SJTU's MMSkills proposes a different approach: decompose the Agent's capabilities into independent "skills" that can be combined on demand and invoked flexibly.

What is a Multimodal "Skill"?

In MMSkills, a "Skill" is not a traditional API call, but a complete perception-decision-execution unit.

Each skill comprises three elements:

Trigger Condition: Under what circumstances this skill should be invoked
Input Modality: What kind of visual input is required (screenshots, icons, page structure, etc.)
Output Behavior: What action to execute (click, type, scroll, etc.)

For example, "locate the search box and enter keywords" is one skill, "recognize and fill in a CAPTCHA" is another, and "extract data from a specific column in a table" is yet another.

These skills can be trained, tested, and updated independently, then assembled by the Agent into a complete workflow when needed.

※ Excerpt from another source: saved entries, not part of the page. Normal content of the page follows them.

(* Let $(G,k)$ be an instance and $S\subseteq V$ with $|S|\le 4k$. If a large-dense vertex $v$ lies in a connected component of $G-S$ that is a tree, then every feasible solution contains $v$; consequently $(G,k)$ is a yes-instance iff $(G-v,k-1)$ is.
   Context: Graphs are undirected, without self-loops, possibly with multi-edges. $N(v)$ is the set of vertices adjacent to $v$; $\rho(v)$ is the number of unordered pairs $\{u_1,u_2\}\subseteq N(v)$ joined by at least one edge. A vertex $v$ is large-dense if $|N(v)|>7k$ and $\rho(v)> |N(v)|(|N(v)|-1)/4$. A vertex set induces a clique if between any two distinct vertices there is exactly one edge, and a tree if it is connected and acyclic (two parallel edges form a cycle). A feasible solution is $X\subseteq V$, $|X|\le k$, with every component of $G-X$ a clique or a tree. *)

theory Defs
  imports Complex_Main
begin

text \<open>A multigraph: finite vertex set together with a symmetric edge-multiplicity
  function (number of parallel edges between two vertices), no self-loops.
  All notions below only look at multiplicities between vertices of the vertex set.\<close>

type_synonym 'a mgraph = "'a set \<times> ('a \<Rightarrow> 'a \<Rightarrow> nat)"

definition verts :: "'a mgraph \<Rightarrow> 'a set" where "verts G = fst G"
definition mult :: "'a mgraph \<Rightarrow> 'a \<Rightarrow> 'a \<Rightarrow> nat" where "mult G = snd G"

definition wf_graph :: "'a mgraph \<Rightarrow> bool" where
  "wf_graph G \<longleftrightarrow> finite (verts G) \<and> (\<forall>u w. mult G u w = mult G w u) \<and> (\<forall>u. mult G u u = 0)"

definition adj :: "'a mgraph \<Rightarrow> 'a \<Rightarrow> 'a \<Rightarrow> bool" where
  "adj G u w \<longleftrightarrow> u \<in> verts G \<and> w \<in> verts G \<and> mult G u w > 0"

definition nbrs :: "'a mgraph \<Rightarrow> 'a \<Rightarrow> 'a set" where
  "nbrs G v = {u. adj G v u}"

definition rho :: "'a mgraph \<Rightarrow> 'a \<Rightarrow> nat" where
  "rho G v = card {{u1, u2} | u1 u2. u1 \<in> nbrs G v \<and> u2 \<in> nbrs G v \<and> u1 \<noteq> u2 \<and> adj G u1 u2}"

definition large_dense :: "'a mgraph \<Rightarrow> nat \<Rightarrow> 'a \<Rightarrow> bool" where
  "large_dense G k v \<longleftrightarrow> card (nbrs G v) > 7 * k \<and>
     real (rho G v) > real (card (nbrs G v)) * (real (card (nbrs G v)) - 1) / 4"

definition del :: "'a mgraph \<Rightarrow> 'a set \<Rightarrow> 'a mgraph" where
  "del G X = (verts G - X, \<lambda>u w. if u \<in> X \<or> w \<in> X then 0 else mult G u w)"

definition comp :: "'a mgraph \<Rightarrow> 'a \<Rightarrow> 'a set" where
  "comp G v = {u. (adj G)\<^sup>*\<^sup>* v u}"
lemma continuous_on_compose_circle:
  assumes "continuous_on V u" "continuous_on (ball 0 1) f" "f ` ball 0 1 \<subseteq> V" "0 \<le> r" "r < 1"
  shows "continuous_on A (\<lambda>\<theta>. u (f (of_real r * cis \<theta>)))"
proof -
  have circle: "(\<lambda>\<theta>. of_real r * cis \<theta>) ` A \<subseteq> ball 0 1" using assms(4,5) by (auto simp: norm_mult)
  have "continuous_on A (\<lambda>\<theta>. f (of_real r * cis \<theta>))"
    by (rule continuous_on_compose2[OF assms(2) _ circle]) (intro continuous_intros)
  then show ?thesis
    by (rule continuous_on_compose2[OF assms(1)]) (use circle assms(3) in auto)
qed

lemma tendsto_zero_at_frontier:
  fixes u U :: "complex \<Rightarrow> real"
  assumes U: "continuous_on (closure V) U" "\<forall>w\<in>V. U w = u w" "\<forall>w\<in>frontier V. U w = 0"
    and g: "(g \<longlongrightarrow> L) F" "L \<in> frontier V" "\<forall>\<^sub>F x in F. g x \<in> V"
  shows "((\<lambda>x. u (g x)) \<longlongrightarrow> 0) F"
proof -
  have "\<forall>\<^sub>F x in F. g x \<in> closure V"
    using g(3) closure_subset by (auto elim!: eventually_mono)
  then have "((\<lambda>x. U (g x)) \<longlongrightarrow> U L) F"
    using g(1,2) by (intro continuous_on_tendsto_compose[OF U(1)]) (auto simp: frontier_def)
  moreover have "\<forall>\<^sub>F x in F. U (g x) = u (g x)"
    using g(3) U(2) by (auto elim!: eventually_mono)
  ultimately show ?thesis
    using U(3) g(2) by (auto intro: Lim_transform_eventually)
qed
lemma qfalling_mult_subspace_count:
  assumes q: "2 \<le> q" and st: "s \<le> t" and tm: "t \<le> m"
  shows "qfalling q m t * subspace_count q r n t s
    = qfact q m / qfact q (m - t) * real q ^ (s * n) * real q ^ (s choose 2)
      * real q ^ ((t - s) choose 2) * qbinom q r s * qbinom q n (t - s)"
proof (cases "t - s \<le> n")
  case False
  then show ?thesis using st by (simp add: subspace_count_def qbinom_def)
next
  case True
  define c where "c = t - s"
  have t: "t = s + c" and cn: "c \<le> n" using st True by (simp_all add: c_def)
  have sn: "s * (n - c) + s * c = s * n" using cn by (simp add: diff_mult_distrib2)
  have "qfalling q m t = real q ^ (t choose 2) * qfact q m / qfact q (m - t)"
    using qfalling_qfact[OF tm, of q] qfact_pos[OF q, of "m - t"] by (simp add: field_simps)
  moreover have "(t choose 2) + s * (n - c) = s * n + (s choose 2) + (c choose 2)"
    using sn unfolding t choose_two_add by linarith
  ultimately show ?thesis
    using st by (simp add: subspace_count_def c_def[symmetric] power_add[symmetric] mult_ac add_ac)
qed

theorem mainTheorem13:
  fixes r s t l m :: nat
  assumes "1 \<le> t" "t \<le> l" "l \<le> m" "1 \<le> r" "r \<le> l" "1 \<le> s" "s \<le> t"
  defines "q \<equiv> card (UNIV :: 'a set)"
  shows "real (card (Dset t l m r s :: 'a::{finite,field} mat set)) =
    qfact q m / qfact q (m - t) * real q ^ (s * (l - r)) * real q ^ (s choose 2)
      * real q ^ ((t - s) choose 2) * qbinom q r s * qbinom q (l - r) (t - s)"
proof -
  have q: "2 \<le> q" using card_UNIV_field_ge_2[where 'a='a] by (simp add: q_def)
  have "real (card (Dset t l m r s :: 'a mat set)) = qfalling q m t * subspace_count q r (l - r) t s"
    unfolding q_def by (rule card_Dset_closed_form[OF \<open>r \<le> l\<close>])
  also have "\<dots> = qfact q m / qfact q (m - t) * real q ^ (s * (l - r)) * real q ^ (s choose 2)
      * real q ^ ((t - s) choose 2) * qbinom q r s * qbinom q (l - r) (t - s)"
    using assms by (intro qfalling_mult_subspace_count[OF q]) simp_all
  finally show ?thesis .
qed

end
lemma Dset_fent_offdiag_zero:
  assumes "S \<in> Dset X \<alpha>"
  shows "fent01 (entry S) n = 0" "fent10 (entry S) n = 0"
proof -
  define s where "s = entry S"
  have "S \<in> A0 X" using assms by (simp add: Dset_def)
  then have S: "S = block_op s" and supp: "block_supp X s"
    unfolding s_def by (auto elim: A0_block_op_repr)
  have "fent01 s n = 0 \<and> fent10 s n = 0"
  proof (cases "n \<in> X")
    case False then show ?thesis using fent_outside_supp[OF supp False] by simp
  next
    case True
    then obtain c c' where c: "S (fvec \<alpha> (2*n)) = (\<lambda>m. c * fvec \<alpha> (2*n) m)"
      and c': "S (fvec \<alpha> (Suc (2*n))) = (\<lambda>m. c' * fvec \<alpha> (Suc (2*n)) m)"
      using assms unfolding Dset_def by auto
    have e0: "s (2*n) (2*n) * a + s (2*n) (Suc (2*n)) * b = c * a"
      "s (Suc (2*n)) (2*n) * a + s (Suc (2*n)) (Suc (2*n)) * b = c * b"
      using fun_cong[OF c, of "2*n"] fun_cong[OF c, of "Suc (2*n)"]
      unfolding S block_op_fvec_even by (simp_all add: fvec_apply)
    have e1: "s (2*n) (2*n) * b - s (2*n) (Suc (2*n)) * a = c' * b"
      "s (Suc (2*n)) (2*n) * b - s (Suc (2*n)) (Suc (2*n)) * a = c' * (-a)"
      using fun_cong[OF c', of "2*n"] fun_cong[OF c', of "Suc (2*n)"]
      unfolding S block_op_fvec_odd by (simp_all add: fvec_apply)
    have "fent10 s n = b * (s (2*n) (2*n) * a + s (2*n) (Suc (2*n)) * b)
        - a * (s (Suc (2*n)) (2*n) * a + s (Suc (2*n)) (Suc (2*n)) * b)"
      unfolding fent_defs by algebra
    also have "\<dots> = 0" unfolding e0 by algebra
    finally have "fent10 s n = 0" .
    moreover have "fent01 s n = a * (s (2*n) (2*n) * b - s (2*n) (Suc (2*n)) * a)
        + b * (s (Suc (2*n)) (2*n) * b - s (Suc (2*n)) (Suc (2*n)) * a)"
      unfolding fent_defs by algebra
    then have "fent01 s n = 0" unfolding e1 by algebra
    ultimately show ?thesis by simp
  qed
  then show "fent01 (entry S) n = 0" "fent10 (entry S) n = 0" unfolding s_def by auto
qed

(* fcoef0 m and fcoef1 m are the m-th coordinates of f_2n and f_2n+1, where n = m div 2. *)

definition fcoef0 :: "nat \<Rightarrow> complex" where "fcoef0 m = (if even m then a else b)"
definition fcoef1 :: "nat \<Rightarrow> complex" where "fcoef1 m = (if even m then b else -a)"

lemma fcoef_simps [simp]:
  "fcoef0 (2*n) = a" "fcoef0 (Suc (2*n)) = b" "fcoef1 (2*n) = b" "fcoef1 (Suc (2*n)) = -a"
  by (simp_all add: fcoef0_def fcoef1_def)

lemma norm_fcoef_le_one: "cmod (fcoef0 m) \<le> 1" "cmod (fcoef1 m) \<le> 1"
  using norm_a_le_one norm_b_le_one by (simp_all add: fcoef0_def fcoef1_def)

(* The block-diagonal matrix whose n-th block is diagonal in the basis f with entries
   fent00 t n and fent11 t n. *)
definition fdiag :: "mat \<Rightarrow> mat" where
  "fdiag t = (\<lambda>m k. if m div 2 = k div 2
     then fent00 t (m div 2) * fcoef0 m * fcoef0 k + fent11 t (m div 2) * fcoef1 m * fcoef1 k else 0)"

lemma fdiag_block:
  "fdiag t (2*n) (2*n) = fent00 t n * a * a + fent11 t n * b * b"
  "fdiag t (2*n) (Suc (2*n)) = fent00 t n * a * b - fent11 t n * b * a"
  "fdiag t (Suc (2*n)) (2*n) = fent00 t n * b * a - fent11 t n * a * b"
  "fdiag t (Suc (2*n)) (Suc (2*n)) = fent00 t n * b * b + fent11 t n * a * a"
  by (simp_all add: fdiag_def)

lemma fent_fdiag:
  "fent00 (fdiag t) n = fent00 t n" "fent01 (fdiag t) n = 0"
  "fent10 (fdiag t) n = 0" "fent11 (fdiag t) n = fent11 t n"
  unfolding fent_defs fdiag_block using a_sq_plus_b_sq by algebra+

lemma bounded_entries_fdiag:
  assumes "bounded_entries t K" shows "bounded_entries (fdiag t) (8*K)"
proof -
  have K: "K \<ge> 0" "\<And>m k. cmod (t m k) \<le> K" using assms by (auto simp: bounded_entries_def)
  have term_le: "cmod (x * p * q) \<le> 4 * K" if "cmod x \<le> 4 * K" "cmod p \<le> 1" "cmod q \<le> 1" for x p q
  proof -
    have "cmod x * (cmod p * cmod q) \<le> 4 * K * (1 * 1)"
      using that K by (intro mult_mono) (auto intro: mult_mono)
    then show ?thesis by (simp add: norm_mult mult.assoc)
  qed
  have "cmod (fdiag t m k) \<le> 8 * K" for m k
  proof -
    have "cmod (fent00 t (m div 2) * fcoef0 m * fcoef0 k + fent11 t (m div 2) * fcoef1 m * fcoef1 k) \<le> 4*K + 4*K"
      by (rule order.trans[OF norm_triangle_ineq add_mono[OF
            term_le[OF norm_fent_le(1)[OF K(2)] norm_fcoef_le_one(1) norm_fcoef_le_one(1)]
            term_le[OF norm_fent_le(4)[OF K(2)] norm_fcoef_le_one(2) norm_fcoef_le_one(2)]]])
    then show ?thesis unfolding fdiag_def using K(1) by auto
  qed
  then show ?thesis using K by (simp add: bounded_entries_def)
qed

lemma block_supp_fdiag:
  assumes "block_supp X t" shows "block_supp X (fdiag t)"
  unfolding block_supp_iff
proof (intro allI impI)
  fix m k assume "\<not> (m div 2 = k div 2 \<and> m div 2 \<in> X)"
  then show "fdiag t m k = 0"
    using fent_outside_supp(1,4)[OF assms, of "m div 2"] by (auto simp: fdiag_def)
qed

lemma block_op_fdiag_fvec_even: "block_op (fdiag t) (fvec \<alpha> (2*n)) = (\<lambda>m. fent00 t n * fvec \<alpha> (2*n) m)"
proof
  fix m
  show "block_op (fdiag t) (fvec \<alpha> (2*n)) m = fent00 t n * fvec \<alpha> (2*n) m"
  proof (cases "m div 2 = n")
    case True
    then consider "m = 2*n" | "m = Suc (2*n)" using same_block_cases[of m m] by auto
    then show ?thesis
    proof cases
      case 1
      have "(fent00 t n * a * a + fent11 t n * b * b) * a + (fent00 t n * a * b - fent11 t n * b * a) * b
          = fent00 t n * a" using a_sq_plus_b_sq by algebra
      then show ?thesis unfolding 1 block_op_fvec_even by (simp add: fdiag_block fvec_apply)
    next
      case 2
      have "(fent00 t n * b * a - fent11 t n * a * b) * a + (fent00 t n * b * b + fent11 t n * a * a) * b
          = fent00 t n * b" using a_sq_plus_b_sq by algebra
      then show ?thesis unfolding 2 block_op_fvec_even by (simp add: fdiag_block fvec_apply)
    qed
  qed (simp add: block_op_fvec_even fvec_apply)
qed

lemma block_op_fdiag_fvec_odd:
  "block_op (fdiag t) (fvec \<alpha> (Suc (2*n))) = (\<lambda>m. fent11 t n * fvec \<alpha> (Suc (2*n)) m)"
proof
  fix m
  show "block_op (fdiag t) (fvec \<alpha> (Suc (2*n))) m = fent11 t n * fvec \<alpha> (Suc (2*n)) m"
  proof (cases "m div 2 = n")
    case True
    then consider "m = 2*n" | "m = Suc (2*n)" using same_block_cases[of m m] by auto
    then show ?thesis
    proof cases
      case 1
      have "(fent00 t n * a * a + fent11 t n * b * b) * b - (fent00 t n * a * b - fent11 t n * b * a) * a
          = fent11 t n * b" using a_sq_plus_b_sq by algebra
      then show ?thesis unfolding 1 block_op_fvec_odd by (simp add: fdiag_block fvec_apply)
    next
      case 2
      have "(fent00 t n * b * a - fent11 t n * a * b) * b - (fent00 t n * b * b + fent11 t n * a * a) * a
          = fent11 t n * (-a)" using a_sq_plus_b_sq by algebra
      then show ?thesis unfolding 2 block_op_fvec_odd by (simp add: fdiag_block fvec_apply)
    qed
  qed (simp add: block_op_fvec_odd fvec_apply)
qed

lemma block_op_fdiag_in_Dset:
  assumes "bounded_entries t K" "block_supp X t" shows "block_op (fdiag t) \<in> Dset X \<alpha>"
  unfolding Dset_def
  using block_op_in_A0[OF bounded_entries_fdiag[OF assms(1)] block_supp_fdiag[OF assms(2)]]
    block_op_fdiag_fvec_even block_op_fdiag_fvec_odd[unfolded Suc_eq_plus1]
  by blast

section \<open>The algebra \<open>D\<^sub>K(X, \<alpha>)\<close>\<close>

definition fent_offdiag_vanish :: "mat \<Rightarrow> bool" where
  "fent_offdiag_vanish t \<longleftrightarrow> fent01 t \<longlonglongrightarrow> 0 \<and> fent10 t \<longlonglongrightarrow> 0"

lemma DK_imp_offdiag_vanish:
  assumes "T \<in> DK X \<alpha>" shows "T \<in> A0 X" "fent_offdiag_vanish (entry T)"
proof -
  obtain S R where T: "T = op_add S R" and S: "S \<in> Dset X \<alpha>" and R: "R \<in> A0 X" "compact_op R"
    using assms unfolding DK_def by blast
  have "S \<in> A0 X" using S by (simp add: Dset_def)
  then obtain Ks where S': "S = block_op (entry S)" "bounded_entries (entry S) Ks" "block_supp X (entry S)"
    by (rule A0_block_op_repr)
  obtain Kr where R': "R = block_op (entry R)" "bounded_entries (entry R) Kr" "block_supp X (entry R)"
    using A0_block_op_repr[OF R(1)] by blast
  have T': "T = block_op (madd (entry S) (entry R))"
    unfolding T by (subst S'(1), subst R'(1), rule block_op_add)
  have supp: "block_supp X (madd (entry S) (entry R))" by (rule block_supp_madd[OF S'(3) R'(3)])
  show "T \<in> A0 X"
    unfolding T' by (rule block_op_in_A0[OF bounded_entries_madd[OF S'(2) R'(2)] supp])
  have "block_entries_vanish (entry R)"
    using R(2) R'(1) compact_block_op_imp_vanish[OF R'(2)] by simp
  then show "fent_offdiag_vanish (entry T)"
    unfolding T' entry_block_op_supp[OF supp] fent_offdiag_vanish_def fent_madd Dset_fent_offdiag_zero[OF S]
    using vanish_imp_fent_tendsto_zero by simp
qed

lemma offdiag_vanish_imp_DK:
  assumes "T \<in> A0 X" "fent_offdiag_vanish (entry T)" shows "T \<in> DK X \<alpha>"
proof -
  define t where "t = entry T"
  obtain K where T: "T = block_op t" and t: "bounded_entries t K" and supp: "block_supp X t"
    unfolding t_def using A0_block_op_repr[OF assms(1)] by blast
  define r where "r = mdiff t (fdiag t)"
  have r: "bounded_entries r (K + 8*K)" "block_supp X r"
    unfolding r_def using bounded_entries_mdiff[OF t bounded_entries_fdiag[OF t]]
      block_supp_mdiff[OF supp block_supp_fdiag[OF supp]] by auto
  have "fent00 r = (\<lambda>n. 0)" "fent01 r = fent01 t" "fent10 r = fent10 t" "fent11 r = (\<lambda>n. 0)"
    by (simp_all add: fun_eq_iff r_def fent_mdiff fent_fdiag)
  then have "block_entries_vanish r"
    using assms(2) unfolding t_def[symmetric] fent_offdiag_vanish_def
    by (intro fent_tendsto_zero_imp_vanish) simp_all
  then have "compact_op (block_op r)" by (rule vanish_imp_compact_block_op[OF r(1)])
  moreover have "T = op_add (block_op (fdiag t)) (block_op r)"
    unfolding T block_op_add r_def by (rule arg_cong[where f=block_op]) (simp add: madd_def mdiff_def fun_eq_iff)
  ultimately show ?thesis
    unfolding DK_def using block_op_fdiag_in_Dset[OF t supp] block_op_in_A0[OF r] by blast
qed

lemma DK_iff: "T \<in> DK X \<alpha> \<longleftrightarrow> T \<in> A0 X \<and> fent_offdiag_vanish (entry T)"
  using DK_imp_offdiag_vanish offdiag_vanish_imp_DK by blast

lemma block_op_in_DK:
  "bounded_entries t K \<Longrightarrow> block_supp X t \<Longrightarrow> fent_offdiag_vanish t \<Longrightarrow> block_op t \<in> DK X \<alpha>"
  unfolding DK_iff using block_op_in_A0 entry_block_op_supp by metis

lemma DK_block_op_repr:
  assumes "T \<in> DK X \<alpha>"
  obtains K where "T = block_op (entry T)" "bounded_entries (entry T) K" "block_supp X (entry T)"
    "fent_offdiag_vanish (entry T)"
  using assms unfolding DK_iff using A0_block_op_repr by metis

lemma zero_in_DK: "(\<lambda>x k. 0) \<in> DK X \<alpha>"
proof -
  have "(\<lambda>x k. 0) = block_op (\<lambda>m k. 0)" by (auto simp: block_op_def fun_eq_iff)
  moreover have "fent01 (\<lambda>m k. 0) = (\<lambda>n. 0)" "fent10 (\<lambda>m k. 0) = (\<lambda>n. 0)"
    by (simp_all add: fun_eq_iff fent_defs)
  then have "fent_offdiag_vanish (\<lambda>m k. 0)" by (simp add: fent_offdiag_vanish_def)
  ultimately show ?thesis
    by (metis block_op_in_DK bounded_entries_def block_supp_def norm_zero order_refl)
qed

lemma DK_add:
  assumes "S \<in> DK X \<alpha>" "T \<in> DK X \<alpha>" shows "op_add S T \<in> DK X \<alpha>"
proof -
  obtain Ks where S: "S = block_op (entry S)" "bounded_entries (entry S) Ks" "block_supp X (entry S)"
    "fent_offdiag_vanish (entry S)" by (rule DK_block_op_repr[OF assms(1)])
  obtain Kt where T: "T = block_op (entry T)" "bounded_entries (entry T) Kt" "block_supp X (entry T)"
    "fent_offdiag_vanish (entry T)" by (rule DK_block_op_repr[OF assms(2)])
  have "fent_offdiag_vanish (madd (entry S) (entry T))"
    using S(4) T(4) unfolding fent_offdiag_vanish_def fent_madd by (simp add: tendsto_add_zero)
  then have "block_op (madd (entry S) (entry T)) \<in> DK X \<alpha>"
    by (rule block_op_in_DK[OF bounded_entries_madd[OF S(2) T(2)] block_supp_madd[OF S(3) T(3)]])
  then show ?thesis by (metis S(1) T(1) block_op_add)
qed

lemma DK_scale:
  assumes "T \<in> DK X \<alpha>" shows "op_smult c T \<in> DK X \<alpha>"
proof -
  obtain K where T: "T = block_op (entry T)" "bounded_entries (entry T) K" "block_supp X (entry T)"
    "fent_offdiag_vanish (entry T)" by (rule DK_block_op_repr[OF assms])
  have "fent_offdiag_vanish (mscale c (entry T))"
    using T(4) unfolding fent_offdiag_vanish_def fent_mscale by (simp add: tendsto_mult_right_zero)
  then have "block_op (mscale c (entry T)) \<in> DK X \<alpha>"
    by (rule block_op_in_DK[OF bounded_entries_mscale[OF T(2)] block_supp_mscale[OF T(3)]])
  then show ?thesis by (metis T(1) block_op_scale)
qed

lemma offdiag_vanish_mmul:
  assumes "bounded_entries s Ks" "bounded_entries t Kt" "fent_offdiag_vanish s" "fent_offdiag_vanish t"
  shows "fent_offdiag_vanish (mmul s t)"
proof -
  note bs = norm_fent_le[of s Ks] and bt = norm_fent_le[of t Kt]
  have Ks: "\<And>m k. cmod (s m k) \<le> Ks" and Kt: "\<And>m k. cmod (t m k) \<le> Kt"
    using assms(1,2) by (auto simp: bounded_entries_def)
  have s0: "fent01 s \<longlonglongrightarrow> 0" "fent10 s \<longlonglongrightarrow> 0" and t0: "fent01 t \<longlonglongrightarrow> 0" "fent10 t \<longlonglongrightarrow> 0"
    using assms(3,4) unfolding fent_offdiag_vanish_def by auto
  have "(\<lambda>n. fent00 s n * fent01 t n + fent01 s n * fent11 t n) \<longlonglongrightarrow> 0"
    by (intro tendsto_add_zero tendsto_zero_bounded_mult(1)[OF bs(1)[OF Ks] t0(1)]
        tendsto_zero_bounded_mult(2)[OF bt(4)[OF Kt] s0(1)])
  moreover have "(\<lambda>n. fent10 s n * fent00 t n + fent11 s n * fent10 t n) \<longlonglongrightarrow> 0"
    by (intro tendsto_add_zero tendsto_zero_bounded_mult(2)[OF bt(1)[OF Kt] s0(2)]
        tendsto_zero_bounded_mult(1)[OF bs(4)[OF Ks] t0(2)])
  ultimately show ?thesis unfolding fent_offdiag_vanish_def fent_mmul by simp
qed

Why is this approach valuable?

First, composability. Like LEGO bricks, you can combine a limited set of skills to create infinite workflows. Adding a new task doesn't require retraining the entire model; you just need to combine existing skills or add a new one.

Second, debuggability. When an Agent fails, you can precisely pinpoint which skill went wrong, rather than being helpless in the face of an end-to-end black-box model.

Third, transferability. A "search for products" skill trained on an e-commerce site might only need minor adjustments to work on other websites. Skill-level transfer is more flexible and cost-effective than model-level transfer.

Technical Details

The MMSkills architecture features several noteworthy designs:

Skill Registry. This is a structured skill library where each skill has standardized descriptions and metadata. When executing a task, the Agent first retrieves relevant skills from the registry and then combines them as needed.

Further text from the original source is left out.